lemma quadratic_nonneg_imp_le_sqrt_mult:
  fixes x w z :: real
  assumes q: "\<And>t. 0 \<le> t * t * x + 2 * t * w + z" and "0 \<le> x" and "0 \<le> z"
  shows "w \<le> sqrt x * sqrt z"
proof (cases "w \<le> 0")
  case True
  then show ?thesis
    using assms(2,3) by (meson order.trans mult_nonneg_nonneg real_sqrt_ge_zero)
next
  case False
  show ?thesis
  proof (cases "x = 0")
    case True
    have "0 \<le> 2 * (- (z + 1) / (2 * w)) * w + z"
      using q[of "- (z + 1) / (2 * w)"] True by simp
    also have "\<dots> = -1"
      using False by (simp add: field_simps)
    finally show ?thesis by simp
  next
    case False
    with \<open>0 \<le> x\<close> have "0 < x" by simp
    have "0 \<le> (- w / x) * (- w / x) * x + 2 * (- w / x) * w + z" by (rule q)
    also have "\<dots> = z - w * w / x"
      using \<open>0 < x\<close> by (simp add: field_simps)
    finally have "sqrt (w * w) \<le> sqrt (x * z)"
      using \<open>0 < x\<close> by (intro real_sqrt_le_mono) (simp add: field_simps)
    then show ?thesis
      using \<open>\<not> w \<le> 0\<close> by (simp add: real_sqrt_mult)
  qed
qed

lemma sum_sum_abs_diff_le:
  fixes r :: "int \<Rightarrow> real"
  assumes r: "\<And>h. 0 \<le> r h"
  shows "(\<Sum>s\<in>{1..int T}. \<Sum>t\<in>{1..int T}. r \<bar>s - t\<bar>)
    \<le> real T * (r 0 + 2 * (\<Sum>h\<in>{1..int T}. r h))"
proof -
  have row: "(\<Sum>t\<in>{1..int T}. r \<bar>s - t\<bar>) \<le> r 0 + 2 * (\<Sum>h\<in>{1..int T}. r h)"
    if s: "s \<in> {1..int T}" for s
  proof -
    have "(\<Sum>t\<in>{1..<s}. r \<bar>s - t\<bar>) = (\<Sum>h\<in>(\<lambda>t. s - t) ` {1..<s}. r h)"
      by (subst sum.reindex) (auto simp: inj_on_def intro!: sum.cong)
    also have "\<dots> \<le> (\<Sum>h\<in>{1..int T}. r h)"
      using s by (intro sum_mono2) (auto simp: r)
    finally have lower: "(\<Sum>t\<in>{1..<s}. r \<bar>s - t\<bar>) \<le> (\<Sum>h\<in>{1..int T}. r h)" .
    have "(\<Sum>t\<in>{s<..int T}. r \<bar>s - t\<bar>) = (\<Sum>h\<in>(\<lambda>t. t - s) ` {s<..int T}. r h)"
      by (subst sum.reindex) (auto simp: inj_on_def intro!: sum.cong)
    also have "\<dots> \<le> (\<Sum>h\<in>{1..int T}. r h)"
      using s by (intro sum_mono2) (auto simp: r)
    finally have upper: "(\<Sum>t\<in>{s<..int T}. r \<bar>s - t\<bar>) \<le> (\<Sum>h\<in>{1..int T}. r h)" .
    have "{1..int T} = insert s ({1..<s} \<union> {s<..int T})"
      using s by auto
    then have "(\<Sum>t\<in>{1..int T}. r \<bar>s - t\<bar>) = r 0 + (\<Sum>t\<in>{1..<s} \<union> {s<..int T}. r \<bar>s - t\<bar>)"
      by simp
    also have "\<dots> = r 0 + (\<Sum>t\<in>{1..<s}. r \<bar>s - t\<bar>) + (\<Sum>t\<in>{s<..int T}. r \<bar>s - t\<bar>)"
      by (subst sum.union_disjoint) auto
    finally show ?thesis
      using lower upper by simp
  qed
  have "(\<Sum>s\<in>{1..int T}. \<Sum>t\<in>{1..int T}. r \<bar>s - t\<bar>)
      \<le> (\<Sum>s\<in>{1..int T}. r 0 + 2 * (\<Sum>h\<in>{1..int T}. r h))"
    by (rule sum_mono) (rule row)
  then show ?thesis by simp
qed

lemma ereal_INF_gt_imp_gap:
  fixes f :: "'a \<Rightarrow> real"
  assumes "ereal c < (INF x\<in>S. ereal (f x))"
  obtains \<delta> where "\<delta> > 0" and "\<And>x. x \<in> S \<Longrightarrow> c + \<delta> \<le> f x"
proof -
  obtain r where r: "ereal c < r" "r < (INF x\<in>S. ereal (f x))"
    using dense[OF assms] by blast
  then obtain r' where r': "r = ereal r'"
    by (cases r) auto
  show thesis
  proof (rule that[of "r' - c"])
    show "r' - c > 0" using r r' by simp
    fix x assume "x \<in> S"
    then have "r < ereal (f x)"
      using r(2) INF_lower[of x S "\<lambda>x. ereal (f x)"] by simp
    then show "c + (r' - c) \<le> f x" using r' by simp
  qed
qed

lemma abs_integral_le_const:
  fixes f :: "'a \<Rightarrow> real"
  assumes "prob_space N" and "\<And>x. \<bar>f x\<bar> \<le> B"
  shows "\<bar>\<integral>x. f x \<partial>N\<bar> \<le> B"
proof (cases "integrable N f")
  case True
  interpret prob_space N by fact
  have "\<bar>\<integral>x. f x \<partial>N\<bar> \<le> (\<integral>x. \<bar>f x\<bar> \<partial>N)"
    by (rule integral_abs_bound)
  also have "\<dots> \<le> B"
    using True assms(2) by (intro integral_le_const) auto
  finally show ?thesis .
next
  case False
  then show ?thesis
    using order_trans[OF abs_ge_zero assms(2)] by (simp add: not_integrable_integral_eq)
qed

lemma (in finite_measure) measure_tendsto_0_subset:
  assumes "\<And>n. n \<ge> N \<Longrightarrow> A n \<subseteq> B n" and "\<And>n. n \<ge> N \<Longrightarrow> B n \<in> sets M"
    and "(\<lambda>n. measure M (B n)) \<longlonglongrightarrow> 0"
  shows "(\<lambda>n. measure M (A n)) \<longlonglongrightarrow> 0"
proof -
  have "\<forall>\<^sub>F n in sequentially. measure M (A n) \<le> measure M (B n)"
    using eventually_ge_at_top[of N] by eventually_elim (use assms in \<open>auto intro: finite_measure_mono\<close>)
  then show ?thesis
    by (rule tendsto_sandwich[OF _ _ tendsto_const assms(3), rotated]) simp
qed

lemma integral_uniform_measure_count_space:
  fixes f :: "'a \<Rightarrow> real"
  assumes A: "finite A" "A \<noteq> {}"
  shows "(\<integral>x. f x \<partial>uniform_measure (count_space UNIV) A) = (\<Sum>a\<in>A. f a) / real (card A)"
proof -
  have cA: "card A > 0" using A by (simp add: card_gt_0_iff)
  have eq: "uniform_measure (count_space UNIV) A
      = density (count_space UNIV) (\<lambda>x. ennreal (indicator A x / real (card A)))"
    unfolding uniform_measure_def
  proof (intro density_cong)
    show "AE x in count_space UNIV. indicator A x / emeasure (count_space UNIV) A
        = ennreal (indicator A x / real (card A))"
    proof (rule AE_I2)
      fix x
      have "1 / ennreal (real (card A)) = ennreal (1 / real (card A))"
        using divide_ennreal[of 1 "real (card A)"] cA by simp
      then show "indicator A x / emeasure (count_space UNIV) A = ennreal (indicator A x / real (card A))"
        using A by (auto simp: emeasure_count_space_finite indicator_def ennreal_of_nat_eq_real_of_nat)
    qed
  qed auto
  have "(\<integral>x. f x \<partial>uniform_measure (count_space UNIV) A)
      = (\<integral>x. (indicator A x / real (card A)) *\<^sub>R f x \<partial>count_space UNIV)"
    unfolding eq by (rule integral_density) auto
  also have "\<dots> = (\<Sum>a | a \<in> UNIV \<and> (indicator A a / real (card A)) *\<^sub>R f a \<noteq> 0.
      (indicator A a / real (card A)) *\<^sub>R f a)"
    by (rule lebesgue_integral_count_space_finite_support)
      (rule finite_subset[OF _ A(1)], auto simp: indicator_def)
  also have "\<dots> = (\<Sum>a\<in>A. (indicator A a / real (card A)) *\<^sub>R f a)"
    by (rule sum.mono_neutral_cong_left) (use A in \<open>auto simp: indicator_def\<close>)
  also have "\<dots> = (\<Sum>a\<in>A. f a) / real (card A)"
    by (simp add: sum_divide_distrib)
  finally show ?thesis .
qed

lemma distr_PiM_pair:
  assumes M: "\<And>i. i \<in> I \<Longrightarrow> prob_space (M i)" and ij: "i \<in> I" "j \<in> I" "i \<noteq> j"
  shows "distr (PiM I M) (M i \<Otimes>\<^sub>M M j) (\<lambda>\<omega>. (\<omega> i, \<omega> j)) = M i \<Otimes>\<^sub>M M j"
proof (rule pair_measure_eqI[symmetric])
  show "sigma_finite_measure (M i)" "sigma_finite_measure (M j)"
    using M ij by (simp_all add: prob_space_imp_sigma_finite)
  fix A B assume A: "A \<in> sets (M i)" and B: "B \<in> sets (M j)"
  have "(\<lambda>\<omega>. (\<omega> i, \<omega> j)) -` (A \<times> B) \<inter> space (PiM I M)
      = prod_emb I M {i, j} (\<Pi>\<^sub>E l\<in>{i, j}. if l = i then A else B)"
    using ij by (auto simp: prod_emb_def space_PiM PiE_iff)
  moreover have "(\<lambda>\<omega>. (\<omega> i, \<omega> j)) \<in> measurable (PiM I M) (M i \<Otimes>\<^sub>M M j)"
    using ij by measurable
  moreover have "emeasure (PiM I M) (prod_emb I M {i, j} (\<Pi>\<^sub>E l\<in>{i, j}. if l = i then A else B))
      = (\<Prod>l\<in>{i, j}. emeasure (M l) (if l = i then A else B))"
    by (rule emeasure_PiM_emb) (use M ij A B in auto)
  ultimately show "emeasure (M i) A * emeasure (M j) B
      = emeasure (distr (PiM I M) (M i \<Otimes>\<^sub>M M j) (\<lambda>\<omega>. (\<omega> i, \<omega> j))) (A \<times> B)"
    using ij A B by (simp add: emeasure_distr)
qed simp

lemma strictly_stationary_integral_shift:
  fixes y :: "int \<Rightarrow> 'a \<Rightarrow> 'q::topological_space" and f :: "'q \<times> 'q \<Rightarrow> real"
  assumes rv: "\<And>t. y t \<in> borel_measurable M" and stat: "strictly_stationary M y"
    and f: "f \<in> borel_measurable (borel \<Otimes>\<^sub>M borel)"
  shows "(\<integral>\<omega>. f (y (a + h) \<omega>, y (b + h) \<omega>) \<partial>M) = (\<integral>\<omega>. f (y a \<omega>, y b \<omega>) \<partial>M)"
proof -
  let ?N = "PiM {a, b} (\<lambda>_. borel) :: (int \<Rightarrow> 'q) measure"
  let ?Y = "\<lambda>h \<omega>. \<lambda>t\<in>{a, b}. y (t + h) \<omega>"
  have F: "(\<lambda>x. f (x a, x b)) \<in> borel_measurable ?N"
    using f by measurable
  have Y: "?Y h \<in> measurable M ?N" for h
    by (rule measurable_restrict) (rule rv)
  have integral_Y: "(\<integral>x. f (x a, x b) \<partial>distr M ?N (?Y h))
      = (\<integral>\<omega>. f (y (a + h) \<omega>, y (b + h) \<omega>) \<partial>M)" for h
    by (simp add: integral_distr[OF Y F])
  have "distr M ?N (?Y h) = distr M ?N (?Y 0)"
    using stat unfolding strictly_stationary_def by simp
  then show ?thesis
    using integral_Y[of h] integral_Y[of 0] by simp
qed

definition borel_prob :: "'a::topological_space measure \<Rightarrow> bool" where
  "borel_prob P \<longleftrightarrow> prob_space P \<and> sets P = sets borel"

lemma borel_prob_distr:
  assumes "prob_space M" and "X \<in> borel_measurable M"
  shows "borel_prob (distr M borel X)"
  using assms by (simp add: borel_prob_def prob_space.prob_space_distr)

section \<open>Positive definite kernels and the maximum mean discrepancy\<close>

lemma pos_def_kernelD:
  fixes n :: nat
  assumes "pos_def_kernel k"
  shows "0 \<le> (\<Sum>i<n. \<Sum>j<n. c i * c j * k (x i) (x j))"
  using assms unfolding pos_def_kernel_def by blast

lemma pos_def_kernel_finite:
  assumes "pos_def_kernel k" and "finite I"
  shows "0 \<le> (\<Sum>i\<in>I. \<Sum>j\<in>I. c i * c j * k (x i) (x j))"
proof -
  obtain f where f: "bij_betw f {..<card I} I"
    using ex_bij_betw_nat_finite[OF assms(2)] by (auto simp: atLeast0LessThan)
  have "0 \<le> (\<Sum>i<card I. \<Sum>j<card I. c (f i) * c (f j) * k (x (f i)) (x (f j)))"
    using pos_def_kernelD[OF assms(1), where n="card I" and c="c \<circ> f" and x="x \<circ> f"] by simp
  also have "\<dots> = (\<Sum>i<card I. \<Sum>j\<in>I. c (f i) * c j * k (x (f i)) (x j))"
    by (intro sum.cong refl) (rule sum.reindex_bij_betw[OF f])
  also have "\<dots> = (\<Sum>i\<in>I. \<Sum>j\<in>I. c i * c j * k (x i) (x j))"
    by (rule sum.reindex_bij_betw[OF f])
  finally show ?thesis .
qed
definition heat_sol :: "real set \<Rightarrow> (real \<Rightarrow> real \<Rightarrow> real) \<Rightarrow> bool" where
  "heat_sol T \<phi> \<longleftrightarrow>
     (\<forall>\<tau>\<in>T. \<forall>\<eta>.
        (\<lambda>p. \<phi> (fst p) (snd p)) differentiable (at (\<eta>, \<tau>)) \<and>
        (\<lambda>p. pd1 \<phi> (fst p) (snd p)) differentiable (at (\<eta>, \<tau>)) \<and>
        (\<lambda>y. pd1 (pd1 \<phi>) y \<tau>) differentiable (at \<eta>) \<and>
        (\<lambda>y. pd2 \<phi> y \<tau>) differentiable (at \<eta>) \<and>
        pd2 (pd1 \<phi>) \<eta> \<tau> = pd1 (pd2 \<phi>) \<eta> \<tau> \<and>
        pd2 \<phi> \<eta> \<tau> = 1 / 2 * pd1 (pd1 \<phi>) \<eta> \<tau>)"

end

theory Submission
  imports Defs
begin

========================================

• EXERCISE DETAILS
Every line above from the line with "using M ij by" to the line with "borel_measurable (borel \<Otimes>\<^sub>M", inclusive, must be returned exactly; no other line belongs in the reply.

• OUTPUT BELOW
    using M ij by (simp_all add: prob_space_imp_sigma_finite)
  fix A B assume A: "A \<in> sets (M i)" and B: "B \<in> sets (M j)"
  have "(\<lambda>\<omega>. (\<omega> i, \<omega> j)) -` (A \<times> B) \<inter> space (PiM I M)
      = prod_emb I M {i, j} (\<Pi>\<^sub>E l\<in>{i, j}. if l = i then A else B)"
    using ij by (auto simp: prod_emb_def space_PiM PiE_iff)
  moreover have "(\<lambda>\<omega>. (\<omega> i, \<omega> j)) \<in> measurable (PiM I M) (M i \<Otimes>\<^sub>M M j)"
    using ij by measurable
  moreover have "emeasure (PiM I M) (prod_emb I M {i, j} (\<Pi>\<^sub>E l\<in>{i, j}. if l = i then A else B))
      = (\<Prod>l\<in>{i, j}. emeasure (M l) (if l = i then A else B))"
    by (rule emeasure_PiM_emb) (use M ij A B in auto)
  ultimately show "emeasure (M i) A * emeasure (M j) B
      = emeasure (distr (PiM I M) (M i \<Otimes>\<^sub>M M j) (\<lambda>\<omega>. (\<omega> i, \<omega> j))) (A \<times> B)"
    using ij A B by (simp add: emeasure_distr)
qed simp

lemma strictly_stationary_integral_shift:
  fixes y :: "int \<Rightarrow> 'a \<Rightarrow> 'q::topological_space" and f :: "'q \<times> 'q \<Rightarrow> real"
  assumes rv: "\<And>t. y t \<in> borel_measurable M" and stat: "strictly_stationary M y"
    and f: "f \<in> borel_measurable (borel \<Otimes>\<^sub>M borel)"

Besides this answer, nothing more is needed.